» What to produce: Both the line with "by (simp add: scaleR_conv_of_real" and the line with "using M[of t] unfolding det_def by auto" in the records below must appear in the output, along with every line between them, exactly and with nothing added.

---------- Dataset entries

lemma similar_mat_wit_mat_exp:
  assumes wit: "similar_mat_wit A B P Q" and A: "A \<in> carrier_mat n n"
  shows "similar_mat_wit (mat_exp A z) (mat_exp B z) P Q"
proof -
  note w = similar_mat_witD2[OF A wit]
  have "mat_exp A z = P * mat_exp B z * Q"
  proof (rule eq_matI)
    fix a b assume "a < dim_row (P * mat_exp B z * Q)" "b < dim_col (P * mat_exp B z * Q)"
    then have ab: "a < n" "b < n" using w by auto
    have "mat_exp A z $$ (a,b) =
        (\<Sum>m. \<Sum>c<n. \<Sum>e<n. P $$ (a,c) * ((B ^\<^sub>m m) $$ (c,e) / fact m * z ^ m) * Q $$ (e,b))"
    proof (subst index_mat_exp[OF A ab], rule suminf_cong)
      fix m
      have "(A ^\<^sub>m m) $$ (a,b) = (\<Sum>c<n. \<Sum>e<n. P $$ (a,c) * (B ^\<^sub>m m) $$ (c,e) * Q $$ (e,b))"
        unfolding similar_mat_wit_pow_id[OF wit] by (rule index_mult_mat_triple) (use w ab in auto)
      then show "(A ^\<^sub>m m) $$ (a,b) / fact m * z ^ m =
          (\<Sum>c<n. \<Sum>e<n. P $$ (a,c) * ((B ^\<^sub>m m) $$ (c,e) / fact m * z ^ m) * Q $$ (e,b))"
        by (simp add: sum_divide_distrib sum_distrib_right sum_distrib_left mult_ac)
    qed
    also have "\<dots> = (\<Sum>c<n. \<Sum>e<n. P $$ (a,c) * (\<Sum>m. (B ^\<^sub>m m) $$ (c,e) / fact m * z ^ m) * Q $$ (e,b))"
      by (rule suminf_sandwich_sum) (rule summable_mat_exp_entry[OF w(5)])
    also have "\<dots> = (\<Sum>c<n. \<Sum>e<n. P $$ (a,c) * mat_exp B z $$ (c,e) * Q $$ (e,b))"
      using w by (simp add: index_mat_exp)
    also have "\<dots> = (P * mat_exp B z * Q) $$ (a,b)"
      by (rule index_mult_mat_triple[symmetric]) (use w ab in auto)
    finally show "mat_exp A z $$ (a,b) = (P * mat_exp B z * Q) $$ (a,b)" .
  qed (use w A in auto)
  then show ?thesis using w by (intro similar_mat_witI) auto
qed

lemma upper_triangular_pow_mat:
  fixes B :: "'a::comm_semiring_1 mat"
  assumes B: "B \<in> carrier_mat n n" and ut: "upper_triangular B"
  shows "\<forall>i<n. \<forall>j<n. (j < i \<longrightarrow> (B ^\<^sub>m m) $$ (i,j) = 0) \<and> (B ^\<^sub>m m) $$ (i,i) = B $$ (i,i) ^ m"
proof (induction m)
  case 0
  then show ?case using B by auto
next
  case (Suc m)
  have below: "B $$ (c,j) = 0" if "c < n" "j < c" for c j using ut B that by auto
  have entry: "(B ^\<^sub>m Suc m) $$ (i,j) = (\<Sum>c<n. (B ^\<^sub>m m) $$ (i,c) * B $$ (c,j))"
    if "i < n" "j < n" for i j
    using B that by (simp add: index_mult_mat_sum[of _ n n] del: index_mult_mat)
  show ?case
  proof (intro allI impI conjI)
    fix i j assume ij: "i < n" "j < n" "j < i"
    have "(B ^\<^sub>m m) $$ (i,c) * B $$ (c,j) = 0" if "c < n" for c
      using Suc.IH below[of c j] ij that by (cases "c < i") auto
    then show "(B ^\<^sub>m Suc m) $$ (i,j) = 0"
      unfolding entry[OF ij(1,2)] by (auto intro!: sum.neutral)
  next
    fix i assume i: "i < n"
    have "(B ^\<^sub>m m) $$ (i,c) * B $$ (c,i) = 0" if "c < n" "c \<noteq> i" for c
      using Suc.IH below[of c i] i that by (cases "c < i") auto
    then have "(B ^\<^sub>m Suc m) $$ (i,i) = (\<Sum>c\<in>{i}. (B ^\<^sub>m m) $$ (i,c) * B $$ (c,i))"
      unfolding entry[OF i i] using i by (intro sum.mono_neutral_right) auto
    then show "(B ^\<^sub>m Suc m) $$ (i,i) = B $$ (i,i) ^ Suc m" using Suc.IH i by (simp add: mult.commute)
  qed
qed

lemma exp_mult_eq_series: "exp (z * b) = (\<Sum>m. b ^ m / fact m * z ^ m)" for z b :: complex
  unfolding exp_def by (rule suminf_cong) (simp add: scaleR_conv_of_real field_simps)

lemma det_mat_exp_upper_triangular:
  assumes B: "B \<in> carrier_mat n n" and ut: "upper_triangular B"
  shows "det (mat_exp B z) = exp (z * mat_trace B)"
proof -
  note pow = upper_triangular_pow_mat[OF B ut]
  have "upper_triangular (mat_exp B z)"
  proof (rule upper_triangularI)
    fix i j assume "j < i" "i < dim_row (mat_exp B z)"
    then show "mat_exp B z $$ (i,j) = 0" using B pow by (simp add: index_mat_exp)
  qed
  then have "det (mat_exp B z) = (\<Prod>i<n. mat_exp B z $$ (i,i))"
    using B by (simp add: det_upper_triangular[of _ n] prod_list_diag_prod lessThan_atLeast0)
  also have "\<dots> = (\<Prod>i<n. exp (z * B $$ (i,i)))"
    using B pow by (intro prod.cong refl) (simp add: index_mat_exp exp_mult_eq_series)
  also have "\<dots> = exp (z * mat_trace B)"
    using B by (simp add: mat_trace_def exp_sum sum_distrib_left)
  finally show ?thesis .
qed

lemma det_mat_exp:
  assumes A: "A \<in> carrier_mat n n"
  shows "det (mat_exp A z) = exp (z * mat_trace A)"
proof -
  obtain es where "char_poly A = (\<Prod>a\<leftarrow>es. [:- a, 1:])"
    using char_poly_factorized[OF A] by blast
  from schur_upper_triangular[OF A this]
  obtain B P Q where B: "B \<in> carrier_mat n n" "upper_triangular B" and wit: "similar_mat_wit A B P Q"
    unfolding similar_mat_def by blast
  have "det (mat_exp A z) = det (mat_exp B z)"
    using similar_mat_wit_mat_exp[OF wit A] by (intro det_similar) (auto simp: similar_mat_def)
  also have "\<dots> = exp (z * mat_trace B)"
    by (rule det_mat_exp_upper_triangular[OF B])
  also have "mat_trace B = mat_trace A"
    using mat_trace_similar[OF wit A] by simp
  finally show ?thesis .
qed

section \<open>Jacobi's formula at the identity\<close>

lemma has_vector_derivative_prod:
  fixes f :: "'i \<Rightarrow> real \<Rightarrow> 'a::real_normed_field"
  assumes "\<And>i. i \<in> I \<Longrightarrow> (f i has_vector_derivative D i) (at x within S)"
  shows "((\<lambda>t. \<Prod>i\<in>I. f i t) has_vector_derivative (\<Sum>i\<in>I. D i * (\<Prod>j\<in>I - {i}. f j x))) (at x within S)"
  unfolding has_vector_derivative_def
proof (rule has_derivative_eq_rhs)
  show "((\<lambda>t. \<Prod>i\<in>I. f i t) has_derivative (\<lambda>y. \<Sum>i\<in>I. (y *\<^sub>R D i) * (\<Prod>j\<in>I - {i}. f j x))) (at x within S)"
    using assms by (intro has_derivative_prod) (simp add: has_vector_derivative_def)
  show "(\<lambda>y. \<Sum>i\<in>I. (y *\<^sub>R D i) * (\<Prod>j\<in>I - {i}. f j x)) = (\<lambda>y. y *\<^sub>R (\<Sum>i\<in>I. D i * (\<Prod>j\<in>I - {i}. f j x)))"
    by (simp add: scaleR_conv_of_real sum_distrib_left mult_ac)
qed

lemma permutes_eq_id_if_fixes_all_but_one:
  assumes p: "p permutes S" and fixed: "\<And>j. j \<in> S \<Longrightarrow> j \<noteq> i \<Longrightarrow> p j = j"
  shows "p = id"
proof -
  have other: "p j = j" if "j \<noteq> i" for j
    using fixed permutes_not_in[OF p] that by blast
  have "p i = i"
  proof (rule ccontr)
    assume "p i \<noteq> i"
    then have "p (p i) = p i" using other by blast
    with \<open>p i \<noteq> i\<close> show False using permutes_inj[OF p] by (auto dest: injD)
  qed
  with other show ?thesis by (metis id_apply ext)
qed

lemma has_vector_derivative_det_at_one:
  fixes M :: "real \<Rightarrow> complex mat"
  assumes M: "\<And>t. M t \<in> carrier_mat n n" and M0: "M 0 = 1\<^sub>m n"
    and M': "\<And>a b. a < n \<Longrightarrow> b < n \<Longrightarrow> ((\<lambda>t. M t $$ (a,b)) has_vector_derivative X $$ (a,b)) (at 0)"
  shows "((\<lambda>t. det (M t)) has_vector_derivative (\<Sum>i<n. X $$ (i,i))) (at 0)"
proof -
  let ?P = "{p. p permutes {0..<n}}"
  let ?D = "\<lambda>p. signof p * (\<Sum>i\<in>{0..<n}. X $$ (i, p i) * (\<Prod>j\<in>{0..<n} - {i}. M 0 $$ (j, p j)))"
  have "det (M t) = (\<Sum>p\<in>?P. signof p * (\<Prod>i = 0..<n. M t $$ (i, p i)))" for t
    using M[of t] unfolding det_def by auto
  moreover have "((\<lambda>t. \<Sum>p\<in>?P. signof p * (\<Prod>i = 0..<n. M t $$ (i, p i))) has_vector_derivative
      (\<Sum>p\<in>?P. ?D p)) (at 0)"
    by (intro has_vector_derivative_sum has_vector_derivative_mult_right has_vector_derivative_prod M')
      (auto simp: permutes_in_image)
  moreover have "?D p = 0" if p: "p \<in> ?P" "p \<noteq> id" for p
  proof -
    have zero: "(\<Prod>j\<in>{0..<n} - {i}. M 0 $$ (j, p j)) = 0" if i: "i \<in> {0..<n}" for i
    proof -
      obtain j where j: "j \<in> {0..<n}" "j \<noteq> i" "p j \<noteq> j"
        using permutes_eq_id_if_fixes_all_but_one[of p "{0..<n}" i] p by blast
      then have "p j \<in> {0..<n}" using p by (auto simp: permutes_in_image)
      with j show ?thesis by (intro prod_zero) (auto simp: M0 intro!: bexI[where x=j])
    qed
    have "(\<Sum>i\<in>{0..<n}. X $$ (i, p i) * (\<Prod>j\<in>{0..<n} - {i}. M 0 $$ (j, p j))) = 0"
      by (rule sum.neutral) (metis zero mult_zero_right)
    then show ?thesis by simp
  qed
  then have "(\<Sum>p\<in>?P. ?D p) = (\<Sum>p\<in>{id}. ?D p)"
    by (intro sum.mono_neutral_right) (auto simp: finite_permutations)
  moreover have "\<dots> = (\<Sum>i<n. X $$ (i,i))"
    by (auto simp: M0 signof_id lessThan_atLeast0 intro!: sum.cong prod.neutral)
  ultimately show ?thesis by simp
qed

section \<open>The tensor product action and its derivative\<close>

lemma idx_lt: "i \<in> idx N d \<Longrightarrow> k < N \<Longrightarrow> i k < d k"
  unfolding idx_def by (auto simp: PiE_iff)

lemma finite_idx [simp]: "finite (idx N d)"
  unfolding idx_def by (auto intro!: finite_PiE)

lemma act_cong: "(\<And>k. k < N \<Longrightarrow> g k = h k) \<Longrightarrow> act N d g \<Psi> = act N d h \<Psi>"
  unfolding act_def by (intro ext if_cong refl sum.cong arg_cong2[where f="(*)"] prod.cong) auto

lemma act_zero: "act N d g (\<lambda>_. 0) = (\<lambda>_. 0)"
  by (simp add: act_def fun_eq_iff)

lemma act_scale: "act N d g (\<lambda>i. c * \<Psi> i) = (\<lambda>i. c * act N d g \<Psi> i)"
  by (simp add: act_def sum_distrib_left mult_ac fun_eq_iff)

lemma act_sum: "act N d g (\<lambda>i. \<Sum>k\<in>K. \<phi> k i) = (\<lambda>i. \<Sum>k\<in>K. act N d g (\<phi> k) i)"
  by (auto simp: act_def sum_distrib_left fun_eq_iff intro: sum.swap)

--------------------

» Written answer:
    by (simp add: scaleR_conv_of_real sum_distrib_left mult_ac)
qed

lemma permutes_eq_id_if_fixes_all_but_one:
  assumes p: "p permutes S" and fixed: "\<And>j. j \<in> S \<Longrightarrow> j \<noteq> i \<Longrightarrow> p j = j"
  shows "p = id"
proof -
  have other: "p j = j" if "j \<noteq> i" for j
    using fixed permutes_not_in[OF p] that by blast
  have "p i = i"
  proof (rule ccontr)
    assume "p i \<noteq> i"
    then have "p (p i) = p i" using other by blast
    with \<open>p i \<noteq> i\<close> show False using permutes_inj[OF p] by (auto dest: injD)
  qed
  with other show ?thesis by (metis id_apply ext)
qed

lemma has_vector_derivative_det_at_one:
  fixes M :: "real \<Rightarrow> complex mat"
  assumes M: "\<And>t. M t \<in> carrier_mat n n" and M0: "M 0 = 1\<^sub>m n"
    and M': "\<And>a b. a < n \<Longrightarrow> b < n \<Longrightarrow> ((\<lambda>t. M t $$ (a,b)) has_vector_derivative X $$ (a,b)) (at 0)"
  shows "((\<lambda>t. det (M t)) has_vector_derivative (\<Sum>i<n. X $$ (i,i))) (at 0)"
proof -
  let ?P = "{p. p permutes {0..<n}}"
  let ?D = "\<lambda>p. signof p * (\<Sum>i\<in>{0..<n}. X $$ (i, p i) * (\<Prod>j\<in>{0..<n} - {i}. M 0 $$ (j, p j)))"
  have "det (M t) = (\<Sum>p\<in>?P. signof p * (\<Prod>i = 0..<n. M t $$ (i, p i)))" for t
    using M[of t] unfolding det_def by auto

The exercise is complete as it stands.